Racism may or may not be part of the scenarios on the part of police officers in the near daily deaths occurring; racism in the sense of law enforcement having a higher level of fear when confronted with a black man. However, how the deaths are treated (systemic, in the justice system) and the reaction of a significant portion of White America is racist. Young black men feel their lives do not matter which, by the way, often feeds a lot of the black-on-black violence some of you are itching to bring up as you read this. Forget about poverty and housing and other injustices; the fact that many AA citizens feel they are not valued as a human being because of the color of their skin often manifests in how they even treat one another.

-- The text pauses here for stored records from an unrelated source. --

(* For all integers $n\ge 1$ and $k\ge 2$, $$d_k(n+1)=d_{k-2}(n)+3\,d_{k-1}(n)+d_k(n)+2\,s_k(n).$$
   Context: For $n\ge 1$, the $2\times n$ board consists of $2n$ unit squares $x_0,\dots,x_{2n-1}$ arranged in 2 rows and $n$ columns, labeled with the top row first (left to right, $x_0,\dots,x_{n-1}$... ) — more precisely, labeled so that $x_{2i}$ and $x_{2i+1}$ form column $i$ ($i=0,\dots,n-1$), with $x_{2n-2},x_{2n-1}$ the two squares of the rightmost column. Two squares are adjacent iff they share an edge. A piece is a nonempty set of squares that is connected under adjacency. A division of the board into $k$ pieces is a partition of the set of all $2n$ squares into exactly $k$ pieces. $d_k(n)$ denotes the number of divisions of the $2\times n$ board into $k$ pieces (so $d_0(n)=0$, $d_1(n)=1$). $s_k(n)$ denotes the number of such divisions in which the two squares of the rightmost column lie in different pieces. *)

theory Defs
  imports Main
begin

text \<open>Squares of the 2 x n board are the naturals 0,...,2n-1; square j lies in
column j div 2 and row j mod 2, so x_{2i}, x_{2i+1} form column i.\<close>

definition board :: "nat \<Rightarrow> nat set" where
  "board n = {..<2*n}"

definition adjacent :: "nat \<Rightarrow> nat \<Rightarrow> bool" where
  "adjacent i j \<longleftrightarrow>
     (i div 2 = j div 2 \<and> i \<noteq> j) \<or>
     (i mod 2 = j mod 2 \<and> (i div 2 + 1 = j div 2 \<or> j div 2 + 1 = i div 2))"

definition connected_set :: "nat set \<Rightarrow> bool" where
  "connected_set A \<longleftrightarrow>
     (\<forall>x\<in>A. \<forall>y\<in>A. (x, y) \<in> {(a, b). a \<in> A \<and> b \<in> A \<and> adjacent a b}\<^sup>*)"

definition piece :: "nat set \<Rightarrow> bool" where
  "piece A \<longleftrightarrow> A \<noteq> {} \<and> connected_set A"

definition division :: "nat \<Rightarrow> nat \<Rightarrow> nat set set \<Rightarrow> bool" where
  "division n k P \<longleftrightarrow>
     \<Union>P = board n \<and>
     (\<forall>A\<in>P. \<forall>B\<in>P. A \<noteq> B \<longrightarrow> A \<inter> B = {}) \<and>
     (\<forall>A\<in>P. piece A) \<and>
     finite P \<and> card P = k"

definition d :: "nat \<Rightarrow> nat \<Rightarrow> nat" where
  "d k n = card {P. division n k P}"

definition s :: "nat \<Rightarrow> nat \<Rightarrow> nat" where
  "s k n = card {P. division n k P \<and>
                    (\<forall>A\<in>P. \<not> (2*n - 2 \<in> A \<and> 2*n - 1 \<in> A))}"

end

theory Submission
  imports Defs
begin

text \<open>Deleting the last column of a division of the 2 x (n+1) board leaves a division of the
  2 x n board, because a piece can only pass through the last column between the squares 2n-2
  and 2n-1, which are adjacent. Conversely, the division is recovered from its restriction by
  one of seven ways of placing the squares 2n and 2n+1: as two new singletons (two more pieces);
  as a new domino, or as a new singleton with the other square joining the piece to its left
  (one more piece, three ways); or without new pieces, with the domino joining the piece of 2n-2,
  which is always possible, or with each square joining the piece of its left neighbour, or the
  domino joining the piece of 2n-1 alone, which are possible and give different divisions exactly
  when 2n-2 and 2n-1 lie in different pieces. Every division of the larger board arises in
  exactly one of these ways, whence d_{k-2}(n) + 3 d_{k-1}(n) + d_k(n) + 2 s_k(n).\<close>

section \<open>Connectivity\<close>

definition adj_within :: "nat set \<Rightarrow> nat rel" where
  "adj_within A = {(a, b). a \<in> A \<and> b \<in> A \<and> adjacent a b}"

lemma connected_set_iff: "connected_set A \<longleftrightarrow> (\<forall>x\<in>A. \<forall>y\<in>A. (x, y) \<in> (adj_within A)\<^sup>*)"
  unfolding connected_set_def adj_within_def by simp

lemma adjacent_sym: "adjacent x y \<Longrightarrow> adjacent y x"
  unfolding adjacent_def by auto

lemma adj_within_rtrancl_mono: "A \<subseteq> B \<Longrightarrow> (x, y) \<in> (adj_within A)\<^sup>* \<Longrightarrow> (x, y) \<in> (adj_within B)\<^sup>*"
  by (rule rtrancl_mono[THEN subsetD]) (auto simp: adj_within_def)

lemma adj_within_rtrancl_sym: "(x, y) \<in> (adj_within A)\<^sup>* \<Longrightarrow> (y, x) \<in> (adj_within A)\<^sup>*"
  by (rule symD[OF sym_rtrancl]) (auto simp: sym_def adj_within_def intro: adjacent_sym)

lemma connected_set_Un:
  assumes "connected_set X" "connected_set Y" "x \<in> X" "y \<in> Y" "adjacent x y"
  shows "connected_set (X \<union> Y)"
proof -
  have X: "(u, v) \<in> (adj_within (X \<union> Y))\<^sup>*" if "u \<in> X" "v \<in> X" for u v
    using assms(1) that by (auto simp: connected_set_iff intro: adj_within_rtrancl_mono[of X])
  have Y: "(u, v) \<in> (adj_within (X \<union> Y))\<^sup>*" if "u \<in> Y" "v \<in> Y" for u v
    using assms(2) that by (auto simp: connected_set_iff intro: adj_within_rtrancl_mono[of Y])
  have "(x, y) \<in> adj_within (X \<union> Y)"
    using assms(3-5) by (auto simp: adj_within_def)
  then have XY: "(u, v) \<in> (adj_within (X \<union> Y))\<^sup>*" if "u \<in> X" "v \<in> Y" for u v
    by (meson X Y assms(3,4) that r_into_rtrancl rtrancl_trans)
  show ?thesis
    unfolding connected_set_iff using X Y XY adj_within_rtrancl_sym by blast
qed

lemma piece_singleton: "piece {x}"
  by (simp add: piece_def connected_set_iff)

lemma piece_adjacent_pair: "adjacent x y \<Longrightarrow> piece {x, y}"
  using connected_set_Un[of "{x}" "{y}" x y] piece_singleton by (simp add: piece_def insert_commute)

lemma connected_set_crossing_edge:
  assumes "connected_set A" "x \<in> A" "x \<in> S" "y \<in> A" "y \<notin> S"
  shows "\<exists>u\<in>A \<inter> S. \<exists>w\<in>A - S. adjacent u w"
proof -
  have "(x, y) \<in> (adj_within A)\<^sup>*"
    using assms connected_set_iff by blast
  then show ?thesis
    using assms(5)
  proof (induction rule: rtrancl_induct)
    case base
    then show ?case using assms(3) by simp
  next
    case (step y z)
    then show ?case by (cases "y \<in> S") (auto simp: adj_within_def)
  qed
qed

section \<open>Partitions into pieces\<close>

definition piece_partition :: "nat set \<Rightarrow> nat set set \<Rightarrow> bool" where
  "piece_partition U P \<longleftrightarrow>
     \<Union>P = U \<and> (\<forall>A\<in>P. \<forall>B\<in>P. A \<noteq> B \<longrightarrow> A \<inter> B = {}) \<and> (\<forall>A\<in>P. piece A) \<and> finite P"

lemma division_iff: "division n k P \<longleftrightarrow> piece_partition (board n) P \<and> card P = k"
  unfolding division_def piece_partition_def by auto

Racism is alive and well in the United States -- IN ALL AGE GROUPS. You're fooling yourself and may be adding to the danger by denying it or wishing everyone was colorblind. Diversity is good...appreciating our cultural differences is healthy, using them to destroy, dehumanize and hate isn't.

Lives are literally at stake every minute, in ways that are preventable, so I feel a fierce urgency of now to speak up and do my best to educate. I feel qualified to do so, to a limited degree, because I've been around racist behavior (not only views, but behavior) my whole life. I know it when I see it. It doesn't mean the individuals are evil. Archie Bunker wasn't evil -- he was afraid. I want to try to do my part towards healing this, even with one person in this world.

If you're tired of listening to or watching all the talk about racism, imagine LIVING IT. I can't. As a white person living in the United States, I can't imagine living it.